About 100 million AK-47s and modified versions are believed to circulate around the world, but many of them are produced illegally.
"Some progress has been made with Bulgaria's Arsenal company," Ambassador-at-Large Alexander Alexeyev said.
Arsenal's license to produce Kalashnikov rifles expired a long time ago, but it has not stopped their production.
An official from Rosoboronexport, Russia's state-controlled arms exporter, said in April that Arsenal displayed a wide range of counterfeit Kalashnikov assault rifles at the DSA 2006 arms show in Malaysia.
Alexeyev said half of all NATO member countries have yet to sign intellectual property rights protection agreements with Russia.
"There are no agreements with Lithuania, Latvia, Canada, Iceland, Luxembourg, the Netherlands and Norway.

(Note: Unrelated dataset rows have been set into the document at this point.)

(* Let $\Omega\subset\mathbb R^d$, $d\in\{2,3\}$, be a bounded domain of class $C^3$, let $m,f,F,\nu,\rho$ satisfy the assumptions in the context, and let $\mathbf u_0\in\mathbf L^2_\sigma(\Omega)$ and $\varphi_0\in\mathcal H_k$ with $\overline{\varphi_0}\in(-1,1)$. Then any global weak solution $(\mathbf u,\varphi,\mu)$ of the Abels–Garcke–Grün system departing from $(\mathbf u_0,\varphi_0)$ satisfies $\lim_{t\to\infty}\|\mathbf u(t)\|_{L^2(\Omega)}=0$.
   Context: Assumptions: $m\in C([-1,1])$, $0<m_*\le m\le m^*$ on $[-1,1]$. $f(s)=F(s)-\frac{\theta_0}{2}s^2$ on $[-1,1]$, $\theta_0>0$, $F\in C([-1,1])\cap C^2(-1,1)$, $F'(r)\to\mp\infty$ as $r\to\mp1$, $F''\ge\theta\in(0,\theta_0)$, $F(0)=F'(0)=0$, $f=F=+\infty$ outside $[-1,1]$. $\nu\in W^{1,\infty}(\mathbb R)$ with $0<\nu_*\le\nu\le\nu^*$. $\rho(s)=\frac{1+s}{2}\rho_1+\frac{1-s}{2}\rho_2$ with $\rho_1,\rho_2>0$; $\rho_*=\min\{\rho_1,\rho_2\}$, $\rho^*=\max\{\rho_1,\rho_2\}$. $\mathbf L^2_\sigma(\Omega)$ is the $L^2$-closure of smooth compactly supported divergence-free fields, $\mathbf H^1_\sigma=\mathbf L^2_\sigma\cap\mathbf H^1$; $D\mathbf u$ is the symmetric gradient. $E(v)=\frac12\int_\Omega|\nabla v|^2+\int_\Omega f(v)$; $E_{tot}(\mathbf u,\varphi)=\frac12\int_\Omega\rho(\varphi)|\mathbf u|^2+E(\varphi)$. $\mathcal H_k=\{\varphi\in H^1(\Omega):\|\varphi\|_{L^\infty}\le1,\ |\overline\varphi|=k\}$, $k\in[0,1)$. A global weak solution departing from $(\mathbf u_0,\varphi_0)$ is $(\mathbf u,\varphi,\mu)$ with $\mathbf u\in BC_w([0,\infty);\mathbf L^2_\sigma)\cap L^2(0,\infty;\mathbf H^1_\sigma)$, $\varphi\in BC_w([0,\infty);H^1)\cap L^2_{uloc}([0,\infty);H^2)$, $|\varphi|<1$ a.e., $\partial_t\varphi\in L^2(0,\infty;H^1_{(0)}(\Omega)')$, $\mu\in L^2_{uloc}([0,\infty);H^1)$, $\mathbf u(0)=\mathbf u_0$, $\varphi(0)=\varphi_0$, such that for every $T>0$ and every $\mathbf w\in C_0^\infty(\Omega\times(0,T))^d$ with $\operatorname{div}\mathbf w=0$: $\int_0^T\big(-(\rho(\varphi)\mathbf u,\partial_t\mathbf w)-(\rho(\varphi)\mathbf u\otimes\mathbf u,D\mathbf w)+(\nu(\varphi)D\mathbf u,D\mathbf w)-(\mathbf u,(\mathbf J\cdot\nabla)\mathbf w)\big)d\tau=-\int_0^T(\varphi\nabla\mu,\mathbf w)d\tau$, where $\mathbf J=-\frac{\rho_1-\rho_2}{2}m(\varphi)\nabla\mu$; $\langle\partial_t\varphi,v\rangle-(\varphi\mathbf u,\nabla v)+(m(\varphi)\nabla\mu,\nabla v)=0$ for all $v\in H^1(\Omega)$ and a.a. $t$; $\mu=-\Delta\varphi+f'(\varphi)$ a.e.; $\partial_{\mathbf n}\varphi=0$ on $\partial\Omega$; and for all $t\ge0$ and a.a. $s\in[0,t]$ (including $s=0$): $\frac12\int_\Omega\rho(\varphi(t))|\mathbf u(t)|^2+\int_s^t\int_\Omega\nu(\varphi)|D\mathbf u|^2\le\frac12\int_\Omega\rho(\varphi(s))|\mathbf u(s)|^2-\int_s^t\int_\Omega\mathbf u\cdot\nabla\mu\,\varphi$ and $E(\varphi(t))+\int_s^t\int_\Omega m(\varphi)|\nabla\mu|^2\le E(\varphi(s))+\int_s^t\int_\Omega\mathbf u\cdot\nabla\mu\,\varphi$ (whose sum gives $E_{tot}(\mathbf u(t),\varphi(t))+\int_s^t\int_\Omega(\nu(\varphi)|D\mathbf u|^2+m(\varphi)|\nabla\mu|^2)\le E_{tot}(\mathbf u(s),\varphi(s))$). *)

theory Defs
  imports "HOL-Analysis.Analysis"
begin

fun Ck :: "nat \<Rightarrow> ('a::euclidean_space \<Rightarrow> 'b::real_normed_vector) \<Rightarrow> bool" where
  "Ck 0 f = continuous_on UNIV f"
| "Ck (Suc k) f = ((\<forall>x. f differentiable (at x)) \<and>
      (\<forall>b\<in>Basis. Ck k (\<lambda>x. frechet_derivative f (at x) b)))"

Negotiations are under way with the United States and the U.K.," he said.
He said that the signing of such agreements will lay the legal groundwork for the fight against infringements of intellectual property rights and licensing agreements.
Defense Minister Sergei Ivanov said earlier that Russia loses billions of dollars from illegal production of the Kalashnikov assault rifles in Bulgaria.
He said that the annual illegal sales of unlicensed small arms on the international market totaled about $2 billion, with counterfeit Kalashnikov assault rifles accounting for 80-90% of the volume.
Rosoboronexport said this past summer it will file lawsuits with international arbitration courts over the illegal production of Russian small arms and light weapons abroad.
Kalashnikov producer Izhmash said that Russia accounts for only 10-12% of the million Kalashnikov rifles sold globally every year, with the rest being unlicensed copies.
It said there is no single licensing agreement conforming to international legal norms that specifically protects Russia's intellectual property rights in small arms and light weapons production.